## Exercise
Below are some records; output exactly the lines from the line with "using J path_in_par[OF" to the line with "using path_in_par[OF J(1)", both ends kept, and nothing more.

## Extracted material
lemma seqform_rec:
  assumes J: "J \<in> subtree Ih" "b \<in> A J"
  shows "seqform Ih y (Some (J, b)) = y J b * parent_mass Ih (seqform Ih y) J"
proof (cases "J = Ih")
  case True
  then show ?thesis using J path_in_root subtree_IS by (simp add: seqform_Some parent_mass_def)
next
  case False
  obtain L d where Ld: "par J = Some (L, d)" "L \<in> subtree Ih" "d \<in> A L"
    using subtree_parent[OF J(1) False] by blast
  have "seqform Ih y (Some (J, b)) = (\<Prod>(K, c)\<in>insert (J, b) (path_in Ih L d). y K c)"
    using J path_in_par[OF J(1) Ld(1) False] by (simp add: seqform_Some)
  also have "\<dots> = y J b * (\<Prod>(K, c)\<in>path_in Ih L d. y K c)"
    using path_in_par[OF J(1) Ld(1) False] finite_path_in[OF subtree_IS[OF Ld(2)]] by simp
  also have "\<dots> = y J b * parent_mass Ih (seqform Ih y) J"
    using Ld False by (simp add: parent_mass_def seqform_Some)
  finally show ?thesis .
qed

definition behavioural :: "'i \<Rightarrow> ('i \<Rightarrow> 'a \<Rightarrow> real) \<Rightarrow> bool" where
  "behavioural Ih y \<longleftrightarrow> (\<forall>K\<in>subtree Ih. (\<forall>c\<in>A K. 0 \<le> y K c) \<and> (\<Sum>c\<in>A K. y K c) = 1)"

lemma seqform_nonneg:
  assumes y: "behavioural Ih y"
  shows "0 \<le> seqform Ih y s"
proof (cases "s \<in> seqs_sub Ih")
  case True
  then obtain J b where s: "s = Some (J, b)" "J \<in> subtree Ih" "b \<in> A J"
    using mem_seqs_sub_iff by blast
  have "0 \<le> (\<Prod>(K, c)\<in>path_in Ih J b. y K c)"
    using path_in_subset[OF subtree_IS[OF s(2)] s(3)] y unfolding behavioural_def
    by (intro prod_nonneg) auto
  then show ?thesis using s by (simp add: seqform_Some)
qed (simp add: seqform_def)

lemma seqform_in_Qset:
  assumes Ih: "Ih \<in> IS" and y: "behavioural Ih y"
  shows "seqform Ih y \<in> Qset IS A par Ih"
proof -
  have root_mass: "(\<Sum>a\<in>A Ih. seqform Ih y (Some (Ih, a))) = 1"
    using y root_in_subtree[OF Ih] by (simp add: seqform_rec parent_mass_def behavioural_def)
  have flow: "seqform Ih y (par I') = (\<Sum>a\<in>A I'. seqform Ih y (Some (I', a)))"
    if "I' \<in> IS" "Ih \<sqsubset> I'" for I'
  proof -
    have I': "I' \<in> subtree Ih" "I' \<noteq> Ih" using that prec_irrefl by (auto simp: subI_def)
    have "(\<Sum>a\<in>A I'. seqform Ih y (Some (I', a))) = (\<Sum>a\<in>A I'. y I' a) * parent_mass Ih (seqform Ih y) I'"
      using I' by (simp add: seqform_rec sum_distrib_right)
    also have "\<dots> = seqform Ih y (par I')"
      using y I' by (simp add: behavioural_def parent_mass_def)
    finally show ?thesis by simp
  qed
  have outside: "s \<notin> seqs_sub Ih \<Longrightarrow> seqform Ih y s = 0" for s
    by (simp add: seqform_def)
  show ?thesis
    unfolding Qset_def using outside root_mass flow seqform_nonneg[OF y] by blast
qed

lemma seqform_in_Piset:
  assumes Ih: "Ih \<in> IS" and y: "behavioural Ih y"
    and pure: "\<And>K c. K \<in> subtree Ih \<Longrightarrow> c \<in> A K \<Longrightarrow> y K c \<in> {0, 1}"
  shows "seqform Ih y \<in> Piset IS A par Ih"
proof -
  have "seqform Ih y s \<in> {0, 1}" for s
  proof (cases "s \<in> seqs_sub Ih")
    case True
    then obtain J b where s: "s = Some (J, b)" "J \<in> subtree Ih" "b \<in> A J"
      using mem_seqs_sub_iff by blast
    have "(\<Prod>(K, c)\<in>path_in Ih J b. y K c) \<in> {0, 1}"
      using path_in_subset[OF subtree_IS[OF s(2)] s(3)] pure finite_path_in[OF subtree_IS[OF s(2)]]
      by (intro prod_in_01) auto
    then show ?thesis using s by (simp add: seqform_Some)
  qed (simp add: seqform_def)
  then show ?thesis using seqform_in_Qset[OF Ih y] by (simp add: Piset_def)
qed

text \<open>Kuhn's theorem: realisation equivalence of behavioural and mixed strategies.\<close>
lemma seqform_eq_mixture_of_pure:
  assumes Ih: "Ih \<in> IS" and y: "behavioural Ih y"
  shows "seqform Ih y s = (\<Sum>f\<in>PiE (subtree Ih) A.
           (\<Prod>K\<in>subtree Ih. y K (f K)) * seqform Ih (\<lambda>K c. if f K = c then 1 else 0) s)"
proof (cases "s \<in> seqs_sub Ih")
  case True
  then obtain J b where s: "s = Some (J, b)" "J \<in> subtree Ih" "b \<in> A J"
    using mem_seqs_sub_iff by blast
  have JIS: "J \<in> IS" using s subtree_IS by blast
  have "c = c'" if "(K, c) \<in> path_in Ih J b" "(K, c') \<in> path_in Ih J b" for K c c'
    using that path_seqs_unique[OF JIS] unfolding path_in_def by blast
  then obtain h where h: "path_in Ih J b = (\<lambda>K. (K, h K)) ` fst ` path_in Ih J b"
    using functional_set_eq_graph by blast
  let ?D = "fst ` path_in Ih J b"
  have graph: "(\<Prod>(K, c)\<in>path_in Ih J b. g K c) = (\<Prod>K\<in>?D. g K (h K))" for g :: "'i \<Rightarrow> 'a \<Rightarrow> real"
    by (subst h) (simp add: prod.reindex inj_on_def)
  have on_path: "(K, h K) \<in> path_in Ih J b" if "K \<in> ?D" for K
    using that by (subst h) blast
  have D: "?D \<subseteq> subtree Ih" "\<And>K. K \<in> ?D \<Longrightarrow> h K \<in> A K"
    using path_in_subset[OF JIS s(3)] on_path by force+
  have "(\<Sum>f\<in>PiE (subtree Ih) A. (\<Prod>K\<in>subtree Ih. y K (f K)) *
          seqform Ih (\<lambda>K c. if f K = c then 1 else 0) s)
      = (\<Sum>f\<in>PiE (subtree Ih) A. (\<Prod>K\<in>subtree Ih. y K (f K)) *
          (\<Prod>K\<in>?D. if f K = h K then 1 else 0))"
    using s by (simp add: seqform_Some graph)
  also have "\<dots> = (\<Prod>K\<in>?D. y K (h K))"
  proof (rule sum_PiE_prod_agree[OF finite_subtree D])
    fix K assume "K \<in> subtree Ih"
    then show "finite (A K)" "(\<Sum>a\<in>A K. y K a) = 1"
      using y finite_A[OF subtree_IS] unfolding behavioural_def by blast+
  qed
  also have "\<dots> = seqform Ih y s"
    using s by (simp add: seqform_Some graph)
  finally show ?thesis ..
qed (simp add: seqform_def)

lemma phi_seqform_in_coPhi:
  assumes Ih: "Ih \<in> IS" and y: "behavioural Ih y"
  shows "phi IS A par Ih (seqform Ih y) \<in> coPhi IS A par"
proof -
  let ?F = "PiE (subtree Ih) A"
  define w where "w f = (\<Prod>K\<in>subtree Ih. y K (f K))" for f
  define pure where "pure f = (\<lambda>K c. if f K = c then 1 else 0 :: real)" for f :: "'i \<Rightarrow> 'a"
  have w1: "(\<Sum>f\<in>?F. w f) = 1"
  proof -
    have "(\<Sum>f\<in>?F. w f) = (\<Prod>K\<in>subtree Ih. \<Sum>a\<in>A K. y K a)"
      unfolding w_def by (rule prod_sum_PiE[symmetric]) (use finite_subtree finite_A subtree_IS in auto)
    then show ?thesis using y by (simp add: behavioural_def)
  qed
  have "0 \<le> w f \<and> phi IS A par Ih (seqform Ih (pure f)) \<in> Phi IS A par" if f: "f \<in> ?F" for f
  proof
    show "0 \<le> w f"
      unfolding w_def using f y by (intro prod_nonneg) (auto simp: behavioural_def PiE_def)
    have "seqform Ih (pure f) \<in> Piset IS A par Ih"
      using f finite_A subtree_IS
      by (intro seqform_in_Piset[OF Ih]) (auto simp: behavioural_def pure_def PiE_def)
    then show "phi IS A par Ih (seqform Ih (pure f)) \<in> Phi IS A par"
      using Ih by (auto simp: Phi_def)
  qed
  then have "(\<lambda>r c. \<Sum>f\<in>?F. w f * phi IS A par Ih (seqform Ih (pure f)) r c) \<in> coPhi IS A par"
    using finite_subtree finite_A subtree_IS
    by (intro convex_comb_in_coPhi[OF _ _ w1] finite_PiE) auto
  moreover have "seqform Ih y = (\<lambda>s. \<Sum>f\<in>?F. w f * seqform Ih (pure f) s)"
    using seqform_eq_mixture_of_pure[OF Ih y] by (simp add: w_def pure_def fun_eq_iff)
  moreover have "phi IS A par Ih (\<lambda>s. \<Sum>f\<in>?F. w f * seqform Ih (pure f) s) =
      (\<lambda>r c. \<Sum>f\<in>?F. w f * phi IS A par Ih (seqform Ih (pure f)) r c)"
    by (intro ext phi_convex_comb[OF w1])
  ultimately show ?thesis by simp
qed
locale real_density =
  fixes f :: "real \<Rightarrow> real"
  assumes borel_measurable_density [measurable]: "f \<in> borel_measurable borel"
    and density_nonneg: "\<And>x. 0 \<le> f x"
    and nn_integral_density: "(\<integral>\<^sup>+x. ennreal (f x) \<partial>lborel) = 1"
begin

lemma integrable_density: "integrable lborel f"
  using nn_integral_density density_nonneg by (intro integrableI_nonneg) auto

lemma integral_density: "(LINT x|lborel. f x) = 1"
proof -
  have "ennreal (LINT x|lborel. f x) = 1"
    using nn_integral_density integrable_density density_nonneg
    by (subst nn_integral_eq_integral[symmetric]) auto
  then show ?thesis by simp
qed

lemma integrable_indicator_density: "A \<in> sets borel \<Longrightarrow> integrable lborel (\<lambda>x. indicator A x * f x)"
  using integrable_mult_indicator[OF _ integrable_density] by simp

definition tail :: "real \<Rightarrow> real" where
  "tail x = (LBINT s:{x<..}. f s)"

lemma tail_eq_integral: "tail x = (LINT s|lborel. indicator {x<..} s * f s)"
  unfolding tail_def set_lebesgue_integral_def by simp

lemma nn_integral_tail: "ennreal (tail x) = (\<integral>\<^sup>+s. ennreal (indicator {x<..} s * f s) \<partial>lborel)"
  unfolding tail_eq_integral using density_nonneg
  by (subst nn_integral_eq_integral) (auto intro!: integrable_indicator_density)

lemma tail_nonneg: "0 \<le> tail x"
  unfolding tail_eq_integral using density_nonneg by (intro integral_nonneg_AE AE_I2) simp

lemma integral_atMost_density: "(LBINT s:{..x}. f s) = 1 - tail x"
proof -
  have "(LBINT s:{..x}. f s) + tail x
      = (LINT s|lborel. indicator {..x} s * f s) + (LINT s|lborel. indicator {x<..} s * f s)"
    unfolding tail_eq_integral set_lebesgue_integral_def by simp
  also have "\<dots> = (LINT s|lborel. indicator {..x} s * f s + indicator {x<..} s * f s)"
    by (intro Bochner_Integration.integral_add[symmetric] integrable_indicator_density) auto
  also have "\<dots> = (LINT s|lborel. f s)"
    by (intro Bochner_Integration.integral_cong) (auto simp: indicator_def)
  finally show ?thesis using integral_density by simp
qed

lemma tail_le_1: "tail x \<le> 1"
proof -
  have "0 \<le> (LBINT s:{..x}. f s)"
    unfolding set_lebesgue_integral_def using density_nonneg by (intro integral_nonneg_AE AE_I2) simp
  then show ?thesis by (simp add: integral_atMost_density)
qed

lemma tail_diff:
  assumes "x \<le> y"
  shows "tail x - tail y = (LINT s|lborel. indicator {x<..y} s * f s)"
proof -
  have "tail x - tail y = (LINT s|lborel. indicator {x<..} s * f s - indicator {y<..} s * f s)"
    unfolding tail_eq_integral
    by (rule Bochner_Integration.integral_diff[symmetric]) (auto intro!: integrable_indicator_density)
  also have "\<dots> = (LINT s|lborel. indicator {x<..y} s * f s)"
    using assms by (intro Bochner_Integration.integral_cong) (auto simp: indicator_def)
  finally show ?thesis .
qed

lemma tail_antimono:
  assumes "x \<le> y"
  shows "tail y \<le> tail x"
proof -
  have "0 \<le> (LINT s|lborel. indicator {x<..y} s * f s)"
    using density_nonneg by (intro integral_nonneg_AE AE_I2) simp
  then show ?thesis using tail_diff[OF assms] by simp
qed

lemma borel_measurable_tail [measurable]: "tail \<in> borel_measurable borel"
proof -
  have "mono (\<lambda>x. - tail x)"
    using tail_antimono by (auto simp: mono_def)
  then have "(\<lambda>x. - (- tail x)) \<in> borel_measurable borel"
    by (intro borel_measurable_uminus borel_measurable_mono)
  then show ?thesis by simp
qed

## Task output
    using J path_in_par[OF J(1) Ld(1) False] by (simp add: seqform_Some)
  also have "\<dots> = y J b * (\<Prod>(K, c)\<in>path_in Ih L d. y K c)"
    using path_in_par[OF J(1) Ld(1) False] finite_path_in[OF subtree_IS[OF Ld(2)]] by simp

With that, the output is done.